Mis à jour 16/05/2014 à 14:28 GMT+2

Hafiz Mammadov, puissant investisseur à la richesse nourrie par le pétrole azerbaïdjanais, a sauvé le Racing club de Lens. Pour mieux mener son véritable projet, il flatte les fantasmes des supporters Sang & Or, qui rêvent d’un PSG du Nord.

Gervais Martel - RC Lens

Crédit: AFP

Avant les grands travaux qui occuperont le stade Bollaert l’an prochain, une première retouche cosmétique retient l’œil affûté. Plutôt que la pelouse ou la légendaire tribune Marek, il faut fixer son regard vers le ciel pour s’en apercevoir. Au-dessus du stade, au côté des drapeaux français et du RC Lens, flottent désormais les couleurs bleu, rouge et vert de l’Azerbaïdjan.
Historiquement entre les mains d’acteurs financiers locaux, le club est devenu l’été dernier la propriété d'un investisseur venu de Bakou, Hafiz Mammadov. Depuis, de nombreuses voix suggèrent que le Racing a vendu son âme au diable.
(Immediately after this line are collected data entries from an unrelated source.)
text \<open>
  Equal observation laws have equal second moments, so
  \<open>G \<Sigma>\<^sub>t\<^sub>,\<^sub>r G\<^sup>T = G' \<Sigma>'\<^sub>t\<^sub>,\<^sub>r G'\<^sup>T\<close> for all times, where \<open>\<Sigma>\<^sub>t\<^sub>,\<^sub>r = Cov(s\<^sub>t, s\<^sub>r)\<close>. The source
  density factorises over the components, and each component is a finite mixture over regime
  paths of Gaussian chains, whose moments of order two are finite; hence every \<open>\<Sigma>\<^sub>t\<^sub>,\<^sub>r\<close> is
  diagonal, for both processes.

  Let \<open>S = \<Sigma>\<^sub>1\<^sub>,\<^sub>1\<close> and \<open>L = \<Sigma>\<^sub>t\<^sub>0\<^sub>,\<^sub>t\<^sub>0\<^sub>-\<^sub>l\<^sub>0\<close>. Since \<open>G\<close> and \<open>G'\<close> have full column rank and \<open>S\<close> is
  invertible, \<open>G' = G A\<close> for an invertible \<open>A\<close> with \<open>A S' A\<^sup>T = S\<close> and \<open>A L' A\<^sup>T = L\<close>. With
  \<open>B = (A\<^sup>T)\<^sup>-\<^sup>1\<close> these read \<open>S B = A S'\<close> and \<open>L B = A L'\<close>, so a nonzero entry \<open>A\<^sub>i\<^sub>j\<close> forces
  \<open>L\<^sub>i\<^sub>i / S\<^sub>i\<^sub>i = L'\<^sub>j\<^sub>j / S'\<^sub>j\<^sub>j\<close>. These ratios are the diagonal of \<open>S\<^sup>-\<^sup>1\<^sup>/\<^sup>2 L S\<^sup>-\<^sup>1\<^sup>/\<^sup>2\<close>, assumed
  pairwise distinct, so each column of \<open>A\<close> has exactly one nonzero entry: \<open>A = P D\<^sup>-\<^sup>1\<close>.
\<close>

section \<open>Diagonal matrices and their square roots\<close>

definition diag_mat :: "('n \<Rightarrow> real) \<Rightarrow> real^'n^'n" where
  "diag_mat f = (\<chi> i j. if i = j then f i else 0)"

lemma diagonal_mat_diag_mat: "diagonal_mat (diag_mat f)"
  by (simp add: diagonal_mat_def diag_mat_def)

lemma diag_mat_nth_nth [simp]: "diag_mat f $ i $ j = (if i = j then f i else 0)"
  by (simp add: diag_mat_def)

lemma diagonal_mat_mult_left:
  fixes D :: "real^'n^'n" and A :: "real^'m^'n"
  assumes "diagonal_mat D"
  shows "(D ** A)$i$j = D$i$i * A$i$j"
  using assms unfolding matrix_matrix_mult_def diagonal_mat_def
  by (simp add: sum.remove[of _ i])

lemma diagonal_mat_mult_right:
  fixes D :: "real^'n^'n" and A :: "real^'n^'m"
  assumes "diagonal_mat D"
  shows "(A ** D)$i$j = A$i$j * D$j$j"
  using assms unfolding matrix_matrix_mult_def diagonal_mat_def
  by (simp add: sum.remove[of _ j])

lemma diag_mat_mult: "diag_mat f ** diag_mat g = diag_mat (\<lambda>i. f i * g i)"
  by (simp add: vec_eq_iff diagonal_mat_mult_left[OF diagonal_mat_diag_mat])

lemma diag_mat_one: "diag_mat (\<lambda>_. 1) = mat 1"
  by (simp add: vec_eq_iff mat_def)

lemma invertible_diagonal_mat_iff:
  assumes "diagonal_mat D"
  shows "invertible D \<longleftrightarrow> (\<forall>i. D$i$i \<noteq> 0)"
  using assms by (simp add: invertible_det_nz det_diagonal diagonal_mat_def)

lemma matrix_inv_eqI:
  fixes A :: "'a::semiring_1^'n^'m"
  assumes "A ** B = mat 1" "B ** A = mat 1"
  shows "matrix_inv A = B"
  unfolding matrix_inv_def
proof (rule some_equality)
  fix B' assume "A ** B' = mat 1 \<and> B' ** A = mat 1"
  then have "B' = B' ** (A ** B)" "B' ** A = mat 1" using assms by auto
  then show "B' = B" by (metis matrix_mul_assoc matrix_mul_lid)
qed (use assms in simp)

lemma matrix_inv_diag_mat:
  assumes "\<forall>i. f i \<noteq> 0"
  shows "matrix_inv (diag_mat f) = diag_mat (\<lambda>i. 1 / f i)"
  using assms by (intro matrix_inv_eqI) (simp_all add: diag_mat_mult diag_mat_one)

lemma diag_mat_commute_comp:
  fixes R :: "real^'n^'n"
  assumes "R ** diag_mat f = diag_mat f ** R"
  shows "R ** diag_mat (\<lambda>i. g (f i)) = diag_mat (\<lambda>i. g (f i)) ** R"
proof -
  have "R$i$j * g (f j) = g (f i) * R$i$j" for i j
  proof (cases "R$i$j = 0")
    case False
    have "R$i$j * f j = f i * R$i$j"
      using assms by (metis diagonal_mat_mult_left diagonal_mat_mult_right diagonal_mat_diag_mat
          diag_mat_nth_nth)
    with False have "f i = f j" by simp
    then show ?thesis by simp
  qed simp
  then show ?thesis
    by (simp add: vec_eq_iff diagonal_mat_mult_left diagonal_mat_mult_right diagonal_mat_diag_mat)
qed

text \<open>As \<open>R\<close> and \<open>Q\<close> commute, \<open>(R + Q)(R - Q) = 0\<close>; so \<open>w = (R - Q) v\<close> satisfies
  \<open>w \<bullet> R w + w \<bullet> Q w = 0\<close>, which forces \<open>w = 0\<close>.\<close>
lemma psd_commuting_square_root_unique:
  fixes Q R :: "real^'n^'n"
  assumes R_psd: "\<forall>x. 0 \<le> x \<bullet> (R *v x)" and Q_pd: "\<forall>x. x \<noteq> 0 \<longrightarrow> 0 < x \<bullet> (Q *v x)"
    and comm: "R ** Q = Q ** R" and sq: "R ** R = Q ** Q"
  shows "R = Q"
proof -
  have "(R - Q) *v v = 0" for v
  proof (rule ccontr)
    define w where "w = (R - Q) *v v"
    assume "w \<noteq> 0"
    have "R *v w + Q *v w = 0"
      unfolding w_def
      by (simp add: algebra_simps matrix_vector_mul_assoc comm sq)
    then have "w \<bullet> (R *v w) + w \<bullet> (Q *v w) = 0"
      by (metis inner_add_right inner_zero_right)
    moreover have "0 \<le> w \<bullet> (R *v w)" "0 < w \<bullet> (Q *v w)"
      using R_psd Q_pd \<open>w \<noteq> 0\<close> by auto
    ultimately show False by linarith
  qed
  then show "R = Q"
    by (metis matrix_eq eq_iff_diff_eq_0 matrix_vector_mult_diff_rdistrib)
qed

lemma psd_sqrt_diag_mat:
  assumes pos: "\<forall>i. 0 < f i"
  shows "psd_sqrt (diag_mat f) = diag_mat (\<lambda>i. sqrt (f i))"
proof -
  let ?Q = "diag_mat (\<lambda>i. sqrt (f i))"
  have quad: "x \<bullet> (?Q *v x) = (\<Sum>i\<in>UNIV. sqrt (f i) * (x$i)\<^sup>2)" for x
    by (simp add: inner_vec_def matrix_vector_mult_def if_distrib if_distribR power2_eq_square
        algebra_simps cong: if_cong)
  have Q_pd: "0 < x \<bullet> (?Q *v x)" if "x \<noteq> 0" for x
  proof -
    obtain i where "x$i \<noteq> 0" using \<open>x \<noteq> 0\<close> by (auto simp: vec_eq_iff)
    then have "0 < sqrt (f i) * (x$i)\<^sup>2" using pos by simp
    then show ?thesis
      unfolding quad using pos
      by (intro sum_pos2[where i=i]) (simp_all add: less_imp_le)
  qed
  have QQ: "?Q ** ?Q = diag_mat f"
    using pos by (simp add: diag_mat_mult less_imp_le)
  have "transpose ?Q = ?Q" by (simp add: vec_eq_iff transpose_def)
  moreover have "0 \<le> x \<bullet> (?Q *v x)" for x using Q_pd[of x] by (cases "x = 0") auto
  moreover have "R = ?Q" if "\<forall>x. 0 \<le> x \<bullet> (R *v x)" "R ** R = diag_mat f" for R
  proof (rule psd_commuting_square_root_unique)
    have "R ** diag_mat f = diag_mat f ** R" using that(2) by (metis matrix_mul_assoc)
    then show "R ** ?Q = ?Q ** R" by (rule diag_mat_commute_comp)
  qed (use that Q_pd QQ in auto)
  ultimately show ?thesis
    unfolding psd_sqrt_def using QQ by (intro the_equality) auto
qed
L’étendard du bassin minier aurait cédé au foot-business, vendu à la folie des grandeurs d’un oligarque soviétique.
Proche du pouvoir dans un pays corrompu, Hafiz Mammadov soulève également l’interrogation sur l’origine de ses fonds, mais les services français ne sont pas parvenus à étayer leurs soupçons. En fait, le RC Lens a ouvert ses portes au représentant d’un Etat riche de ses ressources naturelles et décidé à employer le football comme arme diplomatique, à l’instar du Qatar au Paris Saint-Germain.
Le club a permis à certains de sortir de la mine, ceux qui y restaient venaient les encourager et c’est comme ça qu’est née une famille
Si le club et le public parisiens ont bien changé avec leur nouvel actionnaire, le peuple Sang & Or reste tel qu’on le connaît. Prompt à lever le coude. Volontiers potache. Sincère, ouvert et spontané. Et surtout débordant de fierté. Gare à celui qui s’en moquera. Début avril, l’attaquant caennais Mathieu Duhamel en a fait les frais, conspué pour avoir chambré les supporters adverses après une défaite cruelle pour les Lensois en championnat de France de Ligue 2. Une demi-heure plus tôt, dans une fin de match à la tension extrême, l’injure s’effaçait devant la dignité du chant des Corons, opus de Pierre Bachelet.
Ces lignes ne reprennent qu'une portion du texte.